No início de dezembro não havia praticamente nada na região. Agora, mais de 900 bezerros já nasceram na fazenda.

“Agradecemos imensamente aos norte-americanos. Se não fossem eles, nós estaríamos correndo atrás de uma única vaca o dia todo – eles conseguem trazê-las de volta em 10 minutos”, diz Narítsin. 

Quando o gado chegou de Chicago ao aeroporto Cheremétivo, nos arredores da capital, os funcionários do local não foram tão ágeis.

Stevenson recorda que uma vaca escapou na transferência do Boeing 747 para o caminhão que as levaria ao rancho. O aeroporto ficou fechado para pousos por quase uma hora, até que a fugitiva foi encurralada e levada para dentro do transporte.

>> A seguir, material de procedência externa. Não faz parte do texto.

(* Let $s$ be a positive integer, let $\lambda,\eta,n$ be numbers (e.g. reals), and put $c(x)=\lambda x+\eta$. Then $$\sum_{i=0}^{s-1}(-1)^i\binom{s-1}{i}c(n-i)^s+\sum_{i=s+1}^{2s}(-1)^{s+i}\binom{s-1}{2s-i}c(n-i)^s=\lambda^s(s+1)!.$$ *)

theory Defs
  imports Complex_Main
begin

end

(*
  Write bdiff f x = f x - f (x - 1) for the backward difference and p = c ^ s. The first sum
  is (bdiff ^^ (s-1)) p at n; after the shift i = k + s + 1 and the symmetry of the binomial
  coefficients, the second sum is minus the same difference at n - (s+1). Their sum therefore
  telescopes into the s + 1 values of (bdiff ^^ s) p at n, n - 1, ..., n - s. As p is a
  polynomial of degree s with leading coefficient lambda ^ s, its s-th difference is the
  constant lambda ^ s * s!, by the moment identity
  sum_k (-1)^k (m choose k) k^j = 0 for j < m and (-1)^m m! for j = m.
*)
theory Submission
  imports Defs
begin

definition bdiff :: "('a::comm_ring_1 \<Rightarrow> 'a) \<Rightarrow> 'a \<Rightarrow> 'a" where
  "bdiff f x = f x - f (x - 1)"

lemma alternating_binomial_sum_Suc:
  fixes g :: "nat \<Rightarrow> 'a::comm_ring_1"
  shows "(\<Sum>k\<le>Suc m. (-1)^k * of_nat (Suc m choose k) * g k)
       = (\<Sum>k\<le>m. (-1)^k * of_nat (m choose k) * (g k - g (Suc k)))"
proof -
  have pascal: "(\<Sum>k\<le>Suc m. (-1)^k * of_nat (Suc m choose k) * g k)
     = g 0 + (\<Sum>k\<le>m. (-1)^Suc k * of_nat (m choose k) * g (Suc k))
           + (\<Sum>k\<le>m. (-1)^Suc k * of_nat (m choose Suc k) * g (Suc k))"
    by (simp only: sum.atMost_Suc_shift) (simp add: sum.distrib[symmetric] algebra_simps)
  have "(\<Sum>k\<le>m. (-1)^k * of_nat (m choose k) * g k)
      = (\<Sum>k\<le>Suc m. (-1)^k * of_nat (m choose k) * g k)"
    by (simp add: binomial_eq_0)
  also have "\<dots> = g 0 + (\<Sum>k\<le>m. (-1)^Suc k * of_nat (m choose Suc k) * g (Suc k))"
    by (simp only: sum.atMost_Suc_shift) simp
  finally show ?thesis
    using pascal by (simp add: right_diff_distrib sum_subtractf sum_negf)
qed

lemma bdiff_iterate_eq_sum:
  "(bdiff ^^ m) f x = (\<Sum>k\<le>m. (-1)^k * of_nat (m choose k) * f (x - of_nat k))"
proof (induction m arbitrary: f)
  case 0
  show ?case by simp
next
  case (Suc m)
  have "(bdiff ^^ Suc m) f x = (\<Sum>k\<le>m. (-1)^k * of_nat (m choose k) * bdiff f (x - of_nat k))"
    by (simp only: funpow_Suc_right comp_apply Suc.IH)
  also have "\<dots> = (\<Sum>k\<le>Suc m. (-1)^k * of_nat (Suc m choose k) * f (x - of_nat k))"
    by (subst alternating_binomial_sum_Suc) (simp add: bdiff_def algebra_simps)
  finally show ?case .
qed

lemma alternating_binomial_sum_power:
  assumes "j \<le> m"
  shows "(\<Sum>k\<le>m. (-1)^k * of_nat (m choose k) * of_nat k ^ j :: 'a::comm_ring_1)
       = (if j < m then 0 else (-1)^m * of_nat (fact m))"
  using assms
proof (induction m arbitrary: j)
  case 0
  then show ?case by simp
next
  case (Suc m)
  have "(\<Sum>k\<le>Suc m. (-1)^k * of_nat (Suc m choose k) * of_nat k ^ j :: 'a)
      = (\<Sum>k\<le>m. (-1)^k * of_nat (m choose k) * (of_nat k ^ j - of_nat (Suc k) ^ j))"
    by (rule alternating_binomial_sum_Suc)
  also have "\<dots> = (\<Sum>k\<le>m. (-1)^k * of_nat (m choose k) * - (\<Sum>t<j. of_nat (j choose t) * of_nat k ^ t))"
  proof (rule sum.cong[OF refl])
    fix k
    have "(of_nat (Suc k) :: 'a) ^ j = (\<Sum>t\<le>j. of_nat (j choose t) * of_nat k ^ t)"
      using binomial_ring[of "of_nat k :: 'a" 1 j] by (simp add: add.commute)
    also have "\<dots> = (\<Sum>t<j. of_nat (j choose t) * of_nat k ^ t) + of_nat k ^ j"
      by (simp add: lessThan_Suc_atMost[symmetric])
    finally show "(-1)^k * of_nat (m choose k) * (of_nat k ^ j - of_nat (Suc k) ^ j)
        = (-1)^k * of_nat (m choose k) * - (\<Sum>t<j. of_nat (j choose t) * (of_nat k ^ t :: 'a))"
      by simp
  qed
  also have "\<dots> = - (\<Sum>t<j. of_nat (j choose t) * (\<Sum>k\<le>m. (-1)^k * of_nat (m choose k) * of_nat k ^ t))"
    by (simp add: sum_distrib_left sum_negf algebra_simps sum.swap[of _ "{..<j}"])
  also have "\<dots> = - (\<Sum>t<j. of_nat (j choose t) * (if t < m then 0 else (-1)^m * of_nat (fact m)))"
    using Suc by (intro arg_cong[where f=uminus] sum.cong) auto
  also have "\<dots> = (if j < Suc m then 0 else (-1)^Suc m * of_nat (fact (Suc m)))"
  proof (cases "j = Suc m")
    case True
    have "(\<Sum>t<j. of_nat (j choose t) * (if t < m then 0 else (-1)^m * of_nat (fact m)))
        = (\<Sum>t\<in>{m}. of_nat (j choose t) * (if t < m then 0 else (-1)^m * of_nat (fact m)) :: 'a)"
      by (rule sum.mono_neutral_right) (use True in auto)
    then show ?thesis
      using True by (simp add: algebra_simps)
  next
    case False
    then show ?thesis
      using Suc.prems by (auto intro!: sum.neutral)
  qed
  finally show ?case .
qed

lemma alternating_binomial_sum_linear_power:
  fixes a b :: "'a::comm_ring_1"
  shows "(\<Sum>k\<le>m. (-1)^k * of_nat (m choose k) * (a - b * of_nat k) ^ m)
       = b ^ m * of_nat (fact m)"
proof -
  have expand: "(a - b * of_nat k) ^ m
      = (\<Sum>j\<le>m. of_nat (m choose j) * (- b) ^ j * a ^ (m - j) * of_nat k ^ j)"
    for k :: nat
  proof -
    have "(a - b * of_nat k) ^ m = ((- b) * of_nat k + a) ^ m"
      by simp
    also have "\<dots> = (\<Sum>j\<le>m. of_nat (m choose j) * ((- b) * of_nat k) ^ j * a ^ (m - j))"
      by (rule binomial_ring)
    finally show ?thesis
      by (simp only: power_mult_distrib mult_ac)
  qed
  have "(\<Sum>k\<le>m. (-1)^k * of_nat (m choose k) * (a - b * of_nat k) ^ m)
      = (\<Sum>j\<le>m. of_nat (m choose j) * (- b) ^ j * a ^ (m - j)
                  * (\<Sum>k\<le>m. (-1)^k * of_nat (m choose k) * of_nat k ^ j))"
    unfolding expand sum_distrib_left by (subst sum.swap) (simp only: mult_ac)
  also have "\<dots> = (\<Sum>j\<in>{m}. of_nat (m choose j) * (- b) ^ j * a ^ (m - j)
                  * (if j < m then 0 else (-1)^m * of_nat (fact m)))"
    by (rule sum.mono_neutral_cong_right) (auto simp: alternating_binomial_sum_power)
  also have "\<dots> = b ^ m * of_nat (fact m)"
    by (simp add: mult.assoc[symmetric] power_mult_distrib[symmetric])
  finally show ?thesis .
qed

lemma bdiff_iterate_linear_power:
  "(bdiff ^^ m) (\<lambda>x. (a * x + b) ^ m) x = a ^ m * of_nat (fact m)"
proof -
  have "(bdiff ^^ m) (\<lambda>x. (a * x + b) ^ m) x
      = (\<Sum>k\<le>m. (-1)^k * of_nat (m choose k) * ((a * x + b) - a * of_nat k) ^ m)"
    by (simp add: bdiff_iterate_eq_sum algebra_simps)
  then show ?thesis
    by (simp add: alternating_binomial_sum_linear_power)
qed

lemma sum_bdiff_telescope:
  "(\<Sum>r<N. bdiff g (x - of_nat r)) = g x - g (x - of_nat N)"
  using sum_lessThan_telescope'[of "\<lambda>r. g (x - of_nat r)" N]
  by (simp add: bdiff_def algebra_simps)

lemma sum_reflected_eq_bdiff_iterate:
  fixes f :: "'a::comm_ring_1 \<Rightarrow> 'a"
  assumes "s \<ge> 1"
  shows "(\<Sum>i=s+1..2*s. (-1)^(s+i) * of_nat ((s-1) choose (2*s-i)) * f (x - of_nat i))
       = - (bdiff ^^ (s-1)) f (x - of_nat (s+1))"
proof -
  obtain m where s: "s = Suc m"
    using assms by (cases s) auto
  have ivl: "{s+1..2*s} = {0+(s+1)..m+(s+1)}"
    using s by simp
  have term_shifted: "(-1)^(s+(k+(s+1))) * of_nat ((s-1) choose (2*s-(k+(s+1))))
        * f (x - of_nat (k+(s+1)))
      = - ((-1)^k * of_nat (m choose k) * f (x - of_nat (s+1) - of_nat k))"
    if "k \<le> m" for k
  proof -
    have index: "2*s-(k+(s+1)) = m - k"
      using s by simp
    have binomial: "(s-1) choose (m-k) = m choose k"
      using s that by (simp add: binomial_symmetric[symmetric])
    have sign: "(-1::'a)^(s+(k+(s+1))) = - ((-1)^k)"
    proof -
      have "s+(k+(s+1)) = Suc (k + 2*s)"
        by simp
      then show ?thesis
        by (simp only:) (simp add: power_add power_mult)
    qed
    have "x - of_nat (k+(s+1)) = x - of_nat (s+1) - of_nat k"
      by (simp add: algebra_simps)
    then show ?thesis
      by (simp only: index binomial sign) simp
  qed
  have "(\<Sum>i=s+1..2*s. (-1)^(s+i) * of_nat ((s-1) choose (2*s-i)) * f (x - of_nat i))
      = (\<Sum>k=0..m. (-1)^(s+(k+(s+1))) * of_nat ((s-1) choose (2*s-(k+(s+1))))
                    * f (x - of_nat (k+(s+1))))"
    unfolding ivl by (rule sum.shift_bounds_cl_nat_ivl)
  also have "\<dots> = - (\<Sum>k\<le>m. (-1)^k * of_nat (m choose k) * f (x - of_nat (s+1) - of_nat k))"
    unfolding atLeast0AtMost sum_negf[symmetric] by (intro sum.cong refl term_shifted) simp
  also have "\<dots> = - (bdiff ^^ (s-1)) f (x - of_nat (s+1))"
    by (simp add: s bdiff_iterate_eq_sum)
  finally show ?thesis .
qed

theorem proposition9:
  fixes s :: nat and lambda eta n :: real and c :: "real \<Rightarrow> real"
  assumes "s \<ge> 1"
    and "\<And>x. c x = lambda * x + eta"
  shows "(\<Sum>i=0..s-1. (-1)^i * real ((s-1) choose i) * c (n - real i) ^ s)
       + (\<Sum>i=s+1..2*s. (-1)^(s+i) * real ((s-1) choose (2*s-i)) * c (n - real i) ^ s)
       = lambda ^ s * fact (s+1)"
proof -
  define p where "p x = c x ^ s" for x
  define D where "D = (bdiff ^^ (s-1)) p"
  have first_sum: "(\<Sum>i=0..s-1. (-1)^i * real ((s-1) choose i) * c (n - real i) ^ s) = D n"
    unfolding D_def bdiff_iterate_eq_sum p_def atLeast0AtMost by simp
  have second_sum: "(\<Sum>i=s+1..2*s. (-1)^(s+i) * real ((s-1) choose (2*s-i)) * c (n - real i) ^ s)
      = - D (n - real (s+1))"
    unfolding D_def p_def by (rule sum_reflected_eq_bdiff_iterate[OF assms(1)])
  have "bdiff D = (bdiff ^^ Suc (s-1)) p"
    by (simp add: D_def)
  then have "bdiff D = (bdiff ^^ s) p"
    using assms(1) by simp
  then have "D n - D (n - real (s+1)) = (\<Sum>r<s+1. (bdiff ^^ s) p (n - real r))"
    using sum_bdiff_telescope[of D n "s+1"] by simp
  also have "\<dots> = (s+1) * (lambda ^ s * fact s)"
    unfolding p_def assms(2) by (simp add: bdiff_iterate_linear_power)
  finally show ?thesis
    using first_sum second_sum by (simp add: algebra_simps)
qed

end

Ensinar os colegas russos a cuidar do rebanho foi a parte mais difícil do trabalho para os caubóis. “Quando a oportunidade surgiu, apareceram dois ou três deles sobre seus cavalos em apenas alguns minutos. Tivemos que mostrar a eles como colocar sela em um cavalo – acho que nenhum deles tinha montado realmente antes. Um deles caiu de cabeça no segundo dia”, conta Stevenson.

Para o caubói Dan Conn, nem todo trabalhador rural tem o que é preciso para realizar o trabalho. “Nós somos rancheiros de nascença, pecuaristas, e ensinar alguém que é relativamente novo no ramo, que nunca teve ao seu redor mais que uma vaca leiteira ou alguns porcos e ovelhas, é um grande desafio”, diz.

Já Stevenson vê o empreendimento como uma oportunidade de colaborar para o progresso local, além de uma importante troca de cultura.

“É uma porção do mundo que tem muitos recursos naturais e que é plenamente capaz de fazer isso”, acredita.